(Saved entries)

(* Let $\mathbb{G}$ be a compact quantum group equipped with a proper length function $\ell:\operatorname{Irred}(\mathbb{G})\to\mathbb{N}_0$. Then $\bigl(F(\mathbb{G}),\ell^2(\operatorname{Irred}(\mathbb{G})),\tilde D_\ell\bigr)$ is a spectral triple: $\tilde D_\ell$ is self-adjoint with compact resolvent, and $[\tilde D_\ell,\pi(f)]$ is bounded for every $f\in F(\mathbb{G})$.
   Context: $\operatorname{Irred}(\mathbb{G})$: representatives of irreducible unitary corepresentations of the compact quantum group $\mathbb{G}$, with dimension $d(\alpha)$, trivial corepresentation $e$, conjugate $\bar\alpha$. A length function $\ell$ satisfies $\ell(e)=0$, $\ell(\bar\alpha)=\ell(\alpha)$, $\ell(\gamma)\le\ell(\alpha)+\ell(\beta)$ whenever $\gamma\subset\alpha\otimes\beta$; proper: $\ell^{-1}([0,N])$ finite for all $N$ and $\ell(\alpha)=0$ only for $\alpha=e$. The fusion algebra $F(\mathbb{G})$ has basis $\operatorname{Irred}(\mathbb{G})$ and product $\alpha\beta=\sum_\gamma N^\gamma_{\alpha,\beta}\gamma$ ($N^\gamma_{\alpha,\beta}$ = multiplicity of $\gamma$ in $\alpha\otimes\beta$). $\ell^2(\operatorname{Irred}(\mathbb{G}))$ is its completion with $\operatorname{Irred}(\mathbb{G})$ orthogonal and $\langle\alpha,\alpha\rangle=d(\alpha)^2$; $\pi(f)$ is the bounded extension of left multiplication by $f$. $\tilde D_\ell$ is the (closure of the) diagonal operator $\tilde D_\ell(\alpha)=\ell(\alpha)\alpha$. *)

theory Defs
  imports "HOL-Analysis.Analysis"
begin

text \<open>Irred(G) is modelled by a type 'a. e = trivial corepresentation, cj = conjugation,
  d = dimension, N a b c = multiplicity of c in a (x) b.\<close>

definition cqg_fusion_data ::
  "'a \<Rightarrow> ('a \<Rightarrow> 'a) \<Rightarrow> ('a \<Rightarrow> nat) \<Rightarrow> ('a \<Rightarrow> 'a \<Rightarrow> 'a \<Rightarrow> nat) \<Rightarrow> bool" where
  "cqg_fusion_data e cj d N \<longleftrightarrow>
     (\<forall>a. d a \<ge> 1) \<and>
     (\<forall>a. cj (cj a) = a) \<and> cj e = e \<and>
     (\<forall>a. d (cj a) = d a) \<and>
     (\<forall>a b. finite {c. N a b c \<noteq> 0}) \<and>
     (\<forall>a c. N e a c = (if c = a then 1 else 0)) \<and>
     (\<forall>a c. N a e c = (if c = a then 1 else 0)) \<and>
     (\<forall>a b. N a b e = (if b = cj a then 1 else 0)) \<and>
     (\<forall>a b c. N a b c = N (cj a) c b) \<and>
     (\<forall>a b c. N a b c = N c (cj b) a) \<and>
     (\<forall>a b. d a * d b = (\<Sum>c\<in>{c. N a b c \<noteq> 0}. N a b c * d c)) \<and>
     (\<forall>a b c y. (\<Sum>x\<in>{x. N a b x \<noteq> 0}. N a b x * N x c y) =
                 (\<Sum>x\<in>{x. N b c x \<noteq> 0}. N b c x * N a x y))"

definition length_function ::
  "'a \<Rightarrow> ('a \<Rightarrow> 'a) \<Rightarrow> ('a \<Rightarrow> 'a \<Rightarrow> 'a \<Rightarrow> nat) \<Rightarrow> ('a \<Rightarrow> nat) \<Rightarrow> bool" where
  "length_function e cj N l \<longleftrightarrow>
     l e = 0 \<and> (\<forall>a. l (cj a) = l a) \<and>
     (\<forall>a b c. N a b c \<noteq> 0 \<longrightarrow> l c \<le> l a + l b)"

definition proper_length_function ::
  "'a \<Rightarrow> ('a \<Rightarrow> 'a) \<Rightarrow> ('a \<Rightarrow> 'a \<Rightarrow> 'a \<Rightarrow> nat) \<Rightarrow> ('a \<Rightarrow> nat) \<Rightarrow> bool" where
  "proper_length_function e cj N l \<longleftrightarrow>
     length_function e cj N l \<and>
     (\<forall>n. finite {a. l a \<le> n}) \<and> (\<forall>a. l a = 0 \<longrightarrow> a = e)"

text \<open>A vector is written by its coefficients x :: 'a => complex w.r.t. the orthogonal
  basis Irred(G), where <a,a> = d(a)^2.\<close>

definition l2 :: "('a \<Rightarrow> nat) \<Rightarrow> ('a \<Rightarrow> complex) set" where
  "l2 d = {x. (\<lambda>a. (real (d a))\<^sup>2 * (cmod (x a))\<^sup>2) summable_on UNIV}"

definition l2_inner :: "('a \<Rightarrow> nat) \<Rightarrow> ('a \<Rightarrow> complex) \<Rightarrow> ('a \<Rightarrow> complex) \<Rightarrow> complex" where
  "l2_inner d x y = infsum (\<lambda>a. of_nat ((d a)\<^sup>2) * cnj (x a) * y a) UNIV"

definition l2_norm :: "('a \<Rightarrow> nat) \<Rightarrow> ('a \<Rightarrow> complex) \<Rightarrow> real" where
  "l2_norm d x = sqrt (infsum (\<lambda>a. (real (d a))\<^sup>2 * (cmod (x a))\<^sup>2) UNIV)"

definition dense_in_l2 :: "('a \<Rightarrow> nat) \<Rightarrow> ('a \<Rightarrow> complex) set \<Rightarrow> bool" where
  "dense_in_l2 d S \<longleftrightarrow> S \<subseteq> l2 d \<and>
     (\<forall>x\<in>l2 d. \<forall>\<epsilon>>0. \<exists>y\<in>S. l2_norm d (x - y) < \<epsilon>)"

definition adjoint_graph ::
  "('a \<Rightarrow> nat) \<Rightarrow> ('a \<Rightarrow> complex) set \<Rightarrow> (('a \<Rightarrow> complex) \<Rightarrow> ('a \<Rightarrow> complex))
     \<Rightarrow> (('a \<Rightarrow> complex) \<times> ('a \<Rightarrow> complex)) set" where
  "adjoint_graph d S T = {(y, z). y \<in> l2 d \<and> z \<in> l2 d \<and>
      (\<forall>x\<in>S. l2_inner d (T x) y = l2_inner d x z)}"

definition self_adjoint ::
  "('a \<Rightarrow> nat) \<Rightarrow> ('a \<Rightarrow> complex) set \<Rightarrow> (('a \<Rightarrow> complex) \<Rightarrow> ('a \<Rightarrow> complex)) \<Rightarrow> bool" where
  "self_adjoint d S T \<longleftrightarrow> dense_in_l2 d S \<and> (\<forall>x\<in>S. T x \<in> l2 d) \<and>
     adjoint_graph d S T = {(x, T x) | x. x \<in> S}"

definition compact_operator ::
  "('a \<Rightarrow> nat) \<Rightarrow> (('a \<Rightarrow> complex) \<Rightarrow> ('a \<Rightarrow> complex)) \<Rightarrow> bool" where
  "compact_operator d R \<longleftrightarrow> (\<forall>x\<in>l2 d. R x \<in> l2 d) \<and>
     (\<forall>(xs :: nat \<Rightarrow> 'a \<Rightarrow> complex) B. (\<forall>n. xs n \<in> l2 d \<and> l2_norm d (xs n) \<le> B) \<longrightarrow>
        (\<exists>r z. strict_mono r \<and> z \<in> l2 d \<and>
               (\<lambda>n. l2_norm d (R (xs (r n)) - z)) \<longlonglongrightarrow> 0))"

definition has_compact_resolvent ::
  "('a \<Rightarrow> nat) \<Rightarrow> ('a \<Rightarrow> complex) set \<Rightarrow> (('a \<Rightarrow> complex) \<Rightarrow> ('a \<Rightarrow> complex)) \<Rightarrow> bool" where
  "has_compact_resolvent d S T \<longleftrightarrow>
     (\<exists>R. (\<forall>y\<in>l2 d. R y \<in> S \<and> (\<lambda>a. T (R y) a - \<i> * R y a) = y) \<and>
          (\<forall>x\<in>S. R (\<lambda>a. T x a - \<i> * x a) = x) \<and>
          compact_operator d R)"

definition bounded_commutator ::
  "('a \<Rightarrow> nat) \<Rightarrow> ('a \<Rightarrow> complex) set \<Rightarrow> (('a \<Rightarrow> complex) \<Rightarrow> ('a \<Rightarrow> complex))
     \<Rightarrow> (('a \<Rightarrow> complex) \<Rightarrow> ('a \<Rightarrow> complex)) \<Rightarrow> bool" where
  "bounded_commutator d S T P \<longleftrightarrow> (\<forall>x\<in>S. P x \<in> S) \<and>
     (\<exists>C. \<forall>x\<in>S. l2_norm d (T (P x) - P (T x)) \<le> C * l2_norm d x)"

definition closure_graph ::
  "('a \<Rightarrow> nat) \<Rightarrow> ('a \<Rightarrow> complex) set \<Rightarrow> (('a \<Rightarrow> complex) \<Rightarrow> ('a \<Rightarrow> complex))
     \<Rightarrow> (('a \<Rightarrow> complex) \<times> ('a \<Rightarrow> complex)) set" where
  "closure_graph d S T = {(x, y). x \<in> l2 d \<and> y \<in> l2 d \<and>
     (\<exists>xs :: nat \<Rightarrow> 'a \<Rightarrow> complex. (\<forall>n. xs n \<in> S) \<and> (\<lambda>n. l2_norm d (xs n - x)) \<longlonglongrightarrow> 0 \<and>
           (\<lambda>n. l2_norm d (T (xs n) - y)) \<longlonglongrightarrow> 0)}"

definition fin_supp :: "('a \<Rightarrow> complex) set" where
  "fin_supp = {x. finite {a. x a \<noteq> 0}}"

text \<open>F(G): finite linear combinations of elements of Irred(G).\<close>
abbreviation fusion_algebra :: "('a \<Rightarrow> complex) set" where
  "fusion_algebra \<equiv> fin_supp"

text \<open>pi(f): left multiplication by f, c-th coefficient of f * x.  On finitely supported x
  this is left multiplication in F(G); the same coordinatewise formula (a finite sum for
  each c) gives its bounded extension to l^2.\<close>
definition fusion_pi ::
  "('a \<Rightarrow> 'a \<Rightarrow> 'a \<Rightarrow> nat) \<Rightarrow> ('a \<Rightarrow> complex) \<Rightarrow> ('a \<Rightarrow> complex) \<Rightarrow> ('a \<Rightarrow> complex)" where
  "fusion_pi N f x = (\<lambda>c. \<Sum>a\<in>{a. f a \<noteq> 0}. f a *
      (\<Sum>b\<in>{b. N a b c \<noteq> 0}. of_nat (N a b c) * x b))"

definition diag_op :: "('a \<Rightarrow> nat) \<Rightarrow> ('a \<Rightarrow> complex) \<Rightarrow> ('a \<Rightarrow> complex)" where
  "diag_op l x = (\<lambda>a. of_nat (l a) * x a)"

definition Dt_dom :: "('a \<Rightarrow> nat) \<Rightarrow> ('a \<Rightarrow> nat) \<Rightarrow> ('a \<Rightarrow> complex) set" where
  "Dt_dom d l = Domain (closure_graph d fin_supp (diag_op l))"

definition Dt :: "('a \<Rightarrow> nat) \<Rightarrow> ('a \<Rightarrow> nat) \<Rightarrow> ('a \<Rightarrow> complex) \<Rightarrow> ('a \<Rightarrow> complex)" where
  "Dt d l x = (THE y. (x, y) \<in> closure_graph d fin_supp (diag_op l))"

end

theory Submission
  imports Defs "HOL-Library.Diagonal_Subsequence"
begin

(* Since Irred(G) is an orthogonal basis of eigenvectors of D_l and the sublevel sets of l are
   finite, truncating a vector to {l <= n} approximates it in the graph norm of the diagonal
   operator.  Hence the closure of D_l on F(G) is the maximal multiplication operator by l,
   which is self-adjoint, and its resolvent (D_l - i)^-1 is multiplication by 1/(l - i); this
   multiplier vanishes at infinity, so the resolvent is compact (diagonal argument on the
   countable basis).  For f = alpha, the commutator [D_l, pi(alpha)] has matrix entries
   N(alpha,beta,gamma) (l gamma - l beta), and Frobenius reciprocity with the triangle inequality
   for l bounds these by l(alpha) N(alpha,beta,gamma).  A Schur test with the dimensions as
   weights shows that the matrix N(alpha,-,-) has norm at most d(alpha)^2 on l^2(Irred G). *)

section \<open>The weighted sequence space\<close>

definition l2_term :: "('a \<Rightarrow> nat) \<Rightarrow> ('a \<Rightarrow> complex) \<Rightarrow> 'a \<Rightarrow> real" where
  "l2_term d x a = (real (d a))\<^sup>2 * (cmod (x a))\<^sup>2"

(* The infinite sum is 0 outside l2 d, so bounds on l2_normsq come paired with membership. *)
definition l2_normsq :: "('a \<Rightarrow> nat) \<Rightarrow> ('a \<Rightarrow> complex) \<Rightarrow> real" where
  "l2_normsq d x = infsum (l2_term d x) UNIV"

lemma mem_l2_iff: "x \<in> l2 d \<longleftrightarrow> l2_term d x summable_on UNIV"
  by (simp add: l2_def l2_term_def[abs_def])

lemma l2_norm_eq_sqrt: "l2_norm d x = sqrt (l2_normsq d x)"
  by (simp add: l2_norm_def l2_normsq_def l2_term_def[abs_def])

lemma l2_term_nonneg: "l2_term d x a \<ge> 0"
  by (simp add: l2_term_def)

lemma l2_normsq_nonneg: "l2_normsq d x \<ge> 0"
  unfolding l2_normsq_def by (rule infsum_nonneg) (rule l2_term_nonneg)

lemma sum_l2_term_le_l2_normsq:
  assumes "x \<in> l2 d" and "finite F"
  shows "sum (l2_term d x) F \<le> l2_normsq d x"
  unfolding l2_normsq_def
  using assms by (intro finite_sum_le_infsum) (auto simp: mem_l2_iff l2_term_nonneg)

lemma l2_if_sum_l2_term_bounded:
  assumes "\<And>F. finite F \<Longrightarrow> sum (l2_term d x) F \<le> C"
  shows "x \<in> l2 d \<and> l2_normsq d x \<le> C"
proof -
  have "l2_term d x summable_on UNIV"
    using assms by (intro nonneg_bdd_above_summable_on) (auto simp: l2_term_nonneg bdd_above_def)
  then show ?thesis
    unfolding mem_l2_iff l2_normsq_def using assms by (auto intro: infsum_le_finite_sums)
qed

lemma l2_pointwise_le:
  assumes x: "x \<in> l2 d" and le: "\<And>a. cmod (y a) \<le> c * cmod (x a)"
  shows "y \<in> l2 d \<and> l2_normsq d y \<le> c\<^sup>2 * l2_normsq d x"
proof (rule l2_if_sum_l2_term_bounded)
  fix F :: "'a set" assume F: "finite F"
  have "l2_term d y a \<le> c\<^sup>2 * l2_term d x a" for a
  proof -
    have "(cmod (y a))\<^sup>2 \<le> (c * cmod (x a))\<^sup>2"
      using le[of a] norm_ge_zero[of "y a"] by (intro power_mono) auto
    from mult_left_mono[OF this, of "(real (d a))\<^sup>2"] show ?thesis
      unfolding l2_term_def by (simp add: power_mult_distrib ac_simps)
  qed
  then have "sum (l2_term d y) F \<le> c\<^sup>2 * sum (l2_term d x) F"
    by (simp add: sum_distrib_left sum_mono)
  also have "\<dots> \<le> c\<^sup>2 * l2_normsq d x"
    by (simp add: mult_left_mono sum_l2_term_le_l2_normsq[OF x F])
  finally show "sum (l2_term d y) F \<le> c\<^sup>2 * l2_normsq d x" .
qed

**Task goal:**
The answer should consist of all lines from the records above that hold the word "Defs".

**Answer to this task:**
theory Defs
  imports Defs "HOL-Library.Diagonal_Subsequence"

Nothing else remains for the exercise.